[Saved entries]
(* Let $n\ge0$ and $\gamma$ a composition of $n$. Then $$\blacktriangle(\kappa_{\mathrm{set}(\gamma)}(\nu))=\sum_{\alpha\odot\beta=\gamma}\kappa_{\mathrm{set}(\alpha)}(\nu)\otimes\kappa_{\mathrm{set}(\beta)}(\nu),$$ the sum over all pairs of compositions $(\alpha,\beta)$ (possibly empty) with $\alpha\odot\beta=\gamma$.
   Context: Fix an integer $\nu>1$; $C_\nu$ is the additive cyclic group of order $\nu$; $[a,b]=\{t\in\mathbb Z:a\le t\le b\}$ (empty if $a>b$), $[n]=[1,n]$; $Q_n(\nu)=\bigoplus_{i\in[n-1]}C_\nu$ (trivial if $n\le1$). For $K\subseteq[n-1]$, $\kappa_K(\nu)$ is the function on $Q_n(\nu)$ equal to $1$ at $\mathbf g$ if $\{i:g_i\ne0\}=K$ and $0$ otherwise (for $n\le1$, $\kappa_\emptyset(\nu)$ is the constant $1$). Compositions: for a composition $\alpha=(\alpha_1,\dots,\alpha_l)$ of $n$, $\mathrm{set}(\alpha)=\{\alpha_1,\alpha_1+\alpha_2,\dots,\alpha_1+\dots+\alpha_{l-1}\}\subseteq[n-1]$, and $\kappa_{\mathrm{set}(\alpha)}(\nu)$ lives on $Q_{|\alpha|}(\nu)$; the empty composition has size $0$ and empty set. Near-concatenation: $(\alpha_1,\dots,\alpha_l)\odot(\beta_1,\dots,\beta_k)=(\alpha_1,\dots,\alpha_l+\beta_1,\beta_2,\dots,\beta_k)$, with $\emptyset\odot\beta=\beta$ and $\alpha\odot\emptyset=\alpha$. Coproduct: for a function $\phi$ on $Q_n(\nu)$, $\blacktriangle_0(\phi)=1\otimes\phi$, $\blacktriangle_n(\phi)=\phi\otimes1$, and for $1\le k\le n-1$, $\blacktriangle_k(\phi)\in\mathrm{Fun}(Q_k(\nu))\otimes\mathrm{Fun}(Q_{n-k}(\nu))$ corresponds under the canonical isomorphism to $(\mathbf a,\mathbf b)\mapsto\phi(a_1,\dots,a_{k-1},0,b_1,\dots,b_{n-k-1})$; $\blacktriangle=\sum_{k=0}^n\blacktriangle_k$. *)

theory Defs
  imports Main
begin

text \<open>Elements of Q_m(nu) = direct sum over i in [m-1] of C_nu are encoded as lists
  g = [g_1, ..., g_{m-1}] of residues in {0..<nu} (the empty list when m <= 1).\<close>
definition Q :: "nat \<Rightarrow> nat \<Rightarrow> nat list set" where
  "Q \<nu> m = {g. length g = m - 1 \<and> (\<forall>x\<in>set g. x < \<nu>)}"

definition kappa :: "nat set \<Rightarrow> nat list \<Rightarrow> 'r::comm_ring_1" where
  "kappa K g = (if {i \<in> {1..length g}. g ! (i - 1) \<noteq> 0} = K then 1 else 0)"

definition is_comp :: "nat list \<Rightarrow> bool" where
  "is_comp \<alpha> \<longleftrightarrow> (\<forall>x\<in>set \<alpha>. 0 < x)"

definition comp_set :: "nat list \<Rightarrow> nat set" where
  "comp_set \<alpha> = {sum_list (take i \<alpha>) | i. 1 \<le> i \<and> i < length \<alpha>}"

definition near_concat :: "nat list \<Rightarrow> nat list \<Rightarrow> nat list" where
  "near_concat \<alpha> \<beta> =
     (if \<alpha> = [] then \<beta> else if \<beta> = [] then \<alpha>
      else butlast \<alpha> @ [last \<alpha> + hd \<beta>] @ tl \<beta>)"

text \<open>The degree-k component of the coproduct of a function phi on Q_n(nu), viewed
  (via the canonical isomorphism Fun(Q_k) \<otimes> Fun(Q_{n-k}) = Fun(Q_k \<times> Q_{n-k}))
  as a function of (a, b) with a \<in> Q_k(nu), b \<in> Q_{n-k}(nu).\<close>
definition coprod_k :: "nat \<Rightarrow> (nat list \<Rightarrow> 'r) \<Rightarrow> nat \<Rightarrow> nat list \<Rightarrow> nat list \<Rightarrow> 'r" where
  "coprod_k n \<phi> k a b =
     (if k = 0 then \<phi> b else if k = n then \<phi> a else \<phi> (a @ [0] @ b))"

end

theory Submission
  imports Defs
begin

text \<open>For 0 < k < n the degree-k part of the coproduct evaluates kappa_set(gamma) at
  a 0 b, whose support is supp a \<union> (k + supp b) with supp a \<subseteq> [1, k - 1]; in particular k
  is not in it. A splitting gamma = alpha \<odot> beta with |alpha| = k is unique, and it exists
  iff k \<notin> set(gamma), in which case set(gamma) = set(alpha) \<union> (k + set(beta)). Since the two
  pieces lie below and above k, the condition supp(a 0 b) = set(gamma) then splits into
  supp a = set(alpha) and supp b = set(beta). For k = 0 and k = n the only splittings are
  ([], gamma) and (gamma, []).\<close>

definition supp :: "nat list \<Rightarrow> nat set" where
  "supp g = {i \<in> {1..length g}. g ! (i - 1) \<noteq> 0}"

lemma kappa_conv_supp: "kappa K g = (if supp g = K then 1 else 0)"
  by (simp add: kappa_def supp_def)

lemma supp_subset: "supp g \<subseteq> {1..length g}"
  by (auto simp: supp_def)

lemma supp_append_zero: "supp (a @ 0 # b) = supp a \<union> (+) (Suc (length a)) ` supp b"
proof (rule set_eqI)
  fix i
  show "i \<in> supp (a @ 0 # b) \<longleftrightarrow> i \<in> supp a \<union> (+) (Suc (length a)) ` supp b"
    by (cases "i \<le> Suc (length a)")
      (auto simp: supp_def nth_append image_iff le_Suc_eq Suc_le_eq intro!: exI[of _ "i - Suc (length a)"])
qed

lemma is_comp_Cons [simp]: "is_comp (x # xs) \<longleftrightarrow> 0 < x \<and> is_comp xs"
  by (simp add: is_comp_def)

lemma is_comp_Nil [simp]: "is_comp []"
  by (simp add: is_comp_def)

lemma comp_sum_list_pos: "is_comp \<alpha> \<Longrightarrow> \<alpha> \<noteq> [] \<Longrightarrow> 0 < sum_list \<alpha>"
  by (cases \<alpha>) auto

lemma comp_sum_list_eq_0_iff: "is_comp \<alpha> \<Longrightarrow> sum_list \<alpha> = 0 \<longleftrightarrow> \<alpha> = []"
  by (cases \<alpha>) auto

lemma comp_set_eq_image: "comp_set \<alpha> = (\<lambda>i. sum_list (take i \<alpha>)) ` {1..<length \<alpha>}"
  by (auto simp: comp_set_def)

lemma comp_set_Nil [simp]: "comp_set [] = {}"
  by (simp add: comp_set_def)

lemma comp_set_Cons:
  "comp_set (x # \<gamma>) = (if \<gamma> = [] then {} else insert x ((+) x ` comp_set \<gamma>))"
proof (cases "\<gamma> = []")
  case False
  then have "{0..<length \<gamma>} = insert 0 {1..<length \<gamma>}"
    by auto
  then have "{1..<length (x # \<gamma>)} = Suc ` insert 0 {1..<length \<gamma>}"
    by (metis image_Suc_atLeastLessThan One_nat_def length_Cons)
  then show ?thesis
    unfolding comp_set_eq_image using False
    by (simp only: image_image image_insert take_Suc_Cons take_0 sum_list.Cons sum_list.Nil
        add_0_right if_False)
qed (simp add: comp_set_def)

### EXERCISE
Repeat the records above with every character intact.

### OUTPUT FOR THIS TASK
(* Let $n\ge0$ and $\gamma$ a composition of $n$. Then $$\blacktriangle(\kappa_{\mathrm{set}(\gamma)}(\nu))=\sum_{\alpha\odot\beta=\gamma}\kappa_{\mathrm{set}(\alpha)}(\nu)\otimes\kappa_{\mathrm{set}(\beta)}(\nu),$$ the sum over all pairs of compositions $(\alpha,\beta)$ (possibly empty) with $\alpha\odot\beta=\gamma$.
   Context: Fix an integer $\nu>1$; $C_\nu$ is the additive cyclic group of order $\nu$; $[a,b]=\{t\in\mathbb Z:a\le t\le b\}$ (empty if $a>b$), $[n]=[1,n]$; $Q_n(\nu)=\bigoplus_{i\in[n-1]}C_\nu$ (trivial if $n\le1$). For $K\subseteq[n-1]$, $\kappa_K(\nu)$ is the function on $Q_n(\nu)$ equal to $1$ at $\mathbf g$ if $\{i:g_i\ne0\}=K$ and $0$ otherwise (for $n\le1$, $\kappa_\emptyset(\nu)$ is the constant $1$). Compositions: for a composition $\alpha=(\alpha_1,\dots,\alpha_l)$ of $n$, $\mathrm{set}(\alpha)=\{\alpha_1,\alpha_1+\alpha_2,\dots,\alpha_1+\dots+\alpha_{l-1}\}\subseteq[n-1]$, and $\kappa_{\mathrm{set}(\alpha)}(\nu)$ lives on $Q_{|\alpha|}(\nu)$; the empty composition has size $0$ and empty set. Near-concatenation: $(\alpha_1,\dots,\alpha_l)\odot(\beta_1,\dots,\beta_k)=(\alpha_1,\dots,\alpha_l+\beta_1,\beta_2,\dots,\beta_k)$, with $\emptyset\odot\beta=\beta$ and $\alpha\odot\emptyset=\alpha$. Coproduct: for a function $\phi$ on $Q_n(\nu)$, $\blacktriangle_0(\phi)=1\otimes\phi$, $\blacktriangle_n(\phi)=\phi\otimes1$, and for $1\le k\le n-1$, $\blacktriangle_k(\phi)\in\mathrm{Fun}(Q_k(\nu))\otimes\mathrm{Fun}(Q_{n-k}(\nu))$ corresponds under the canonical isomorphism to $(\mathbf a,\mathbf b)\mapsto\phi(a_1,\dots,a_{k-1},0,b_1,\dots,b_{n-k-1})$; $\blacktriangle=\sum_{k=0}^n\blacktriangle_k$. *)

theory Defs
  imports Main
begin

text \<open>Elements of Q_m(nu) = direct sum over i in [m-1] of C_nu are encoded as lists
  g = [g_1, ..., g_{m-1}] of residues in {0..<nu} (the empty list when m <= 1).\<close>
definition Q :: "nat \<Rightarrow> nat \<Rightarrow> nat list set" where
  "Q \<nu> m = {g. length g = m - 1 \<and> (\<forall>x\<in>set g. x < \<nu>)}"

definition kappa :: "nat set \<Rightarrow> nat list \<Rightarrow> 'r::comm_ring_1" where
  "kappa K g = (if {i \<in> {1..length g}. g ! (i - 1) \<noteq> 0} = K then 1 else 0)"

definition is_comp :: "nat list \<Rightarrow> bool" where
  "is_comp \<alpha> \<longleftrightarrow> (\<forall>x\<in>set \<alpha>. 0 < x)"

definition comp_set :: "nat list \<Rightarrow> nat set" where
  "comp_set \<alpha> = {sum_list (take i \<alpha>) | i. 1 \<le> i \<and> i < length \<alpha>}"

definition near_concat :: "nat list \<Rightarrow> nat list \<Rightarrow> nat list" where
  "near_concat \<alpha> \<beta> =
     (if \<alpha> = [] then \<beta> else if \<beta> = [] then \<alpha>
      else butlast \<alpha> @ [last \<alpha> + hd \<beta>] @ tl \<beta>)"

text \<open>The degree-k component of the coproduct of a function phi on Q_n(nu), viewed
  (via the canonical isomorphism Fun(Q_k) \<otimes> Fun(Q_{n-k}) = Fun(Q_k \<times> Q_{n-k}))
  as a function of (a, b) with a \<in> Q_k(nu), b \<in> Q_{n-k}(nu).\<close>
definition coprod_k :: "nat \<Rightarrow> (nat list \<Rightarrow> 'r) \<Rightarrow> nat \<Rightarrow> nat list \<Rightarrow> nat list \<Rightarrow> 'r" where
  "coprod_k n \<phi> k a b =
     (if k = 0 then \<phi> b else if k = n then \<phi> a else \<phi> (a @ [0] @ b))"

end

theory Submission
  imports Defs
begin

text \<open>For 0 < k < n the degree-k part of the coproduct evaluates kappa_set(gamma) at
  a 0 b, whose support is supp a \<union> (k + supp b) with supp a \<subseteq> [1, k - 1]; in particular k
  is not in it. A splitting gamma = alpha \<odot> beta with |alpha| = k is unique, and it exists
  iff k \<notin> set(gamma), in which case set(gamma) = set(alpha) \<union> (k + set(beta)). Since the two
  pieces lie below and above k, the condition supp(a 0 b) = set(gamma) then splits into
  supp a = set(alpha) and supp b = set(beta). For k = 0 and k = n the only splittings are
  ([], gamma) and (gamma, []).\<close>

definition supp :: "nat list \<Rightarrow> nat set" where
  "supp g = {i \<in> {1..length g}. g ! (i - 1) \<noteq> 0}"

lemma kappa_conv_supp: "kappa K g = (if supp g = K then 1 else 0)"
  by (simp add: kappa_def supp_def)

lemma supp_subset: "supp g \<subseteq> {1..length g}"
  by (auto simp: supp_def)

lemma supp_append_zero: "supp (a @ 0 # b) = supp a \<union> (+) (Suc (length a)) ` supp b"
proof (rule set_eqI)
  fix i
  show "i \<in> supp (a @ 0 # b) \<longleftrightarrow> i \<in> supp a \<union> (+) (Suc (length a)) ` supp b"
    by (cases "i \<le> Suc (length a)")
      (auto simp: supp_def nth_append image_iff le_Suc_eq Suc_le_eq intro!: exI[of _ "i - Suc (length a)"])
qed

lemma is_comp_Cons [simp]: "is_comp (x # xs) \<longleftrightarrow> 0 < x \<and> is_comp xs"
  by (simp add: is_comp_def)

lemma is_comp_Nil [simp]: "is_comp []"
  by (simp add: is_comp_def)

lemma comp_sum_list_pos: "is_comp \<alpha> \<Longrightarrow> \<alpha> \<noteq> [] \<Longrightarrow> 0 < sum_list \<alpha>"
  by (cases \<alpha>) auto

lemma comp_sum_list_eq_0_iff: "is_comp \<alpha> \<Longrightarrow> sum_list \<alpha> = 0 \<longleftrightarrow> \<alpha> = []"
  by (cases \<alpha>) auto

lemma comp_set_eq_image: "comp_set \<alpha> = (\<lambda>i. sum_list (take i \<alpha>)) ` {1..<length \<alpha>}"
  by (auto simp: comp_set_def)

lemma comp_set_Nil [simp]: "comp_set [] = {}"
  by (simp add: comp_set_def)

lemma comp_set_Cons:
  "comp_set (x # \<gamma>) = (if \<gamma> = [] then {} else insert x ((+) x ` comp_set \<gamma>))"
proof (cases "\<gamma> = []")
  case False
  then have "{0..<length \<gamma>} = insert 0 {1..<length \<gamma>}"
    by auto
  then have "{1..<length (x # \<gamma>)} = Suc ` insert 0 {1..<length \<gamma>}"
    by (metis image_Suc_atLeastLessThan One_nat_def length_Cons)
  then show ?thesis
    unfolding comp_set_eq_image using False
    by (simp only: image_image image_insert take_Suc_Cons take_0 sum_list.Cons sum_list.Nil
        add_0_right if_False)
qed (simp add: comp_set_def)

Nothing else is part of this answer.